** MATERIALS PROVIDED follows **

lemma Jq_entry:
  fixes k sigma2 :: real and N Nt Nr L :: nat
    and th ph rho sx sy sz :: "nat \<Rightarrow> real"
    and h :: "nat \<Rightarrow> complex" and x :: "nat \<Rightarrow> nat \<Rightarrow> complex"
    and q :: "real \<times> real" and a b :: 2
  defines "alpha \<equiv> \<lambda>c i. pderiv2 c (vtheta sx sy sz i) q"
    and "beta \<equiv> \<lambda>c i. pderiv2 c (vphi sx sy sz i) q"
    and "wD \<equiv> \<lambda>i l. matvec Nt (XiDot k th ph (\<lambda>i. vtheta sx sy sz i q) (\<lambda>i. vphi sx sy sz i q) h i) (x l)"
    and "wDD \<equiv> \<lambda>i l. matvec Nt (XiDDot k th ph (\<lambda>i. vtheta sx sy sz i q) (\<lambda>i. vphi sx sy sz i q) h i) (x l)"
  shows "Jq k N Nt Nr L sigma2 th ph rho x sx sy sz h q $ a $ b =
    (\<Sum>l=1..L. 2 / sigma2 * (\<Sum>m=1..N. \<Sum>n=1..N. Re (cexpj (rho n - rho m) *
        (complex_of_real (alpha (idx2 a) m * alpha (idx2 b) n) * hinner Nr (wD m l) (wD n l)
       + complex_of_real (beta (idx2 a) m * alpha (idx2 b) n) * hinner Nr (wDD m l) (wD n l)
       + complex_of_real (alpha (idx2 a) m * beta (idx2 b) n) * hinner Nr (wD m l) (wDD n l)
       + complex_of_real (beta (idx2 a) m * beta (idx2 b) n) * hinner Nr (wDD m l) (wDD n l)))))"
proof -
  define vt where "vt i = vtheta sx sy sz i q" for i
  define vp where "vp i = vphi sx sy sz i q" for i
  define T where "T c p = Tmat N sx sy sz q c p" for c p
  define D where "D p l r = dmu k N Nt th ph rho x vt vp h p l r" for p l r
  define S where "S c i l r = cexpj (rho i) * (of_real (alpha c i) * wD i l r + of_real (beta c i) * wDD i l r)"
    for c i l r
  have position_derivative: "(\<Sum>p=1..3*N. of_real (T c p) * D p l r) = (\<Sum>i=1..N. S c i l r)" for c l r
    unfolding sum_three_blocks
  proof (rule sum.cong[OF refl])
    fix i assume i: "i \<in> {1..N}"
    show "of_real (T c i) * D i l r + of_real (T c (N + i)) * D (N + i) l r
        + of_real (T c (2 * N + i)) * D (2 * N + i) l r = S c i l r"
      using i unfolding T_def D_def S_def wD_def wDD_def alpha_def beta_def vt_def[abs_def] vp_def[abs_def]
      by (simp add: Tmat_vartheta Tmat_varphi Tmat_gain dmu_vartheta dmu_varphi) (simp add: algebra_simps)
  qed
  have "Jq k N Nt Nr L sigma2 th ph rho x sx sy sz h q $ a $ b
      = (\<Sum>p=1..3*N. \<Sum>p'=1..3*N. T (idx2 a) p * (\<Sum>l=1..L. 2 / sigma2 * Re (hinner Nr (D p l) (D p' l)))
          * T (idx2 b) p')"
    unfolding Jq_def Jeta_def hinner_def T_def D_def vt_def vp_def by simp
  also have "\<dots> = (\<Sum>l=1..L. 2 / sigma2 * Re (hinner Nr (\<lambda>r. \<Sum>p=1..3*N. of_real (T (idx2 a) p) * D p l r)
      (\<lambda>r. \<Sum>p'=1..3*N. of_real (T (idx2 b) p') * D p' l r)))"
    by (rule sum_sum_weighted_Re_hinner)
  also have "\<dots> = (\<Sum>l=1..L. 2 / sigma2 * Re (hinner Nr (\<lambda>r. \<Sum>i=1..N. S (idx2 a) i l r)
      (\<lambda>r. \<Sum>j=1..N. S (idx2 b) j l r)))"
    by (simp only: position_derivative)
  finally show ?thesis
    unfolding hinner_sum_sum S_def hinner_linear_combination cnj_cexpj_mult by simp
qed

theorem mainTheorem1:
  fixes k sigma2 :: real and N Nt Nr L :: nat
    and th ph rho sx sy sz :: "nat \<Rightarrow> real"
    and h :: "nat \<Rightarrow> complex" and x :: "nat \<Rightarrow> nat \<Rightarrow> complex"
    and q :: "real \<times> real"
  assumes sigma_pos: "sigma2 > 0"
    and sz_pos: "\<forall>i\<in>{1..N}. sz i > 0"
    and rho_range: "\<forall>i\<in>{1..N}. rho i \<in> {0..2 * pi}"
    and diff_vtheta: "\<forall>i\<in>{1..N}. vtheta sx sy sz i differentiable (at q)"
    and diff_vphi: "\<forall>i\<in>{1..N}. vphi sx sy sz i differentiable (at q)"
    and nonsing: "invertible (Jq k N Nt Nr L sigma2 th ph rho x sx sy sz h q)"
  shows
    "(let J = Jq k N Nt Nr L sigma2 th ph rho x sx sy sz h q;
          vt = (\<lambda>i. vtheta sx sy sz i q);
          vp = (\<lambda>i. vphi sx sy sz i q);
          alpha = (\<lambda>a i. pderiv2 a (vtheta sx sy sz i) q);
          beta = (\<lambda>a i. pderiv2 a (vphi sx sy sz i) q);
          wD = (\<lambda>i l. matvec Nt (XiDot k th ph vt vp h i) (x l));
          wDD = (\<lambda>i l. matvec Nt (XiDDot k th ph vt vp h i) (x l));
          kappa = (\<lambda>a b m n l.
              complex_of_real (alpha a m * alpha b n) * hinner Nr (wD m l) (wD n l)
            + complex_of_real (beta a m * alpha b n) * hinner Nr (wDD m l) (wD n l)
            + complex_of_real (alpha a m * beta b n) * hinner Nr (wD m l) (wDD n l)
            + complex_of_real (beta a m * beta b n) * hinner Nr (wDD m l) (wDD n l))
      in (\<forall>a b :: 2. J $ a $ b =
            (\<Sum>l=1..L. 2 / sigma2 * (\<Sum>m=1..N. \<Sum>n=1..N.
               Re (cexpj (rho n - rho m) * kappa (idx2 a) (idx2 b) m n l))))
       \<and> trace (matrix_inv J) =
           (J $ 1 $ 1 + J $ 2 $ 2) / (J $ 1 $ 1 * J $ 2 $ 2 - J $ 1 $ 2 * J $ 2 $ 1))"
  unfolding Let_def by (intro conjI allI Jq_entry trace_matrix_inv_2x2 nonsing)

end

** End of MATERIALS PROVIDED **

TRY IT
Report all lines of the data that include the word "shows".

ANSWER TO THIS EXERCISE
  shows "Jq k N Nt Nr L sigma2 th ph rho x sx sy sz h q $ a $ b =
  shows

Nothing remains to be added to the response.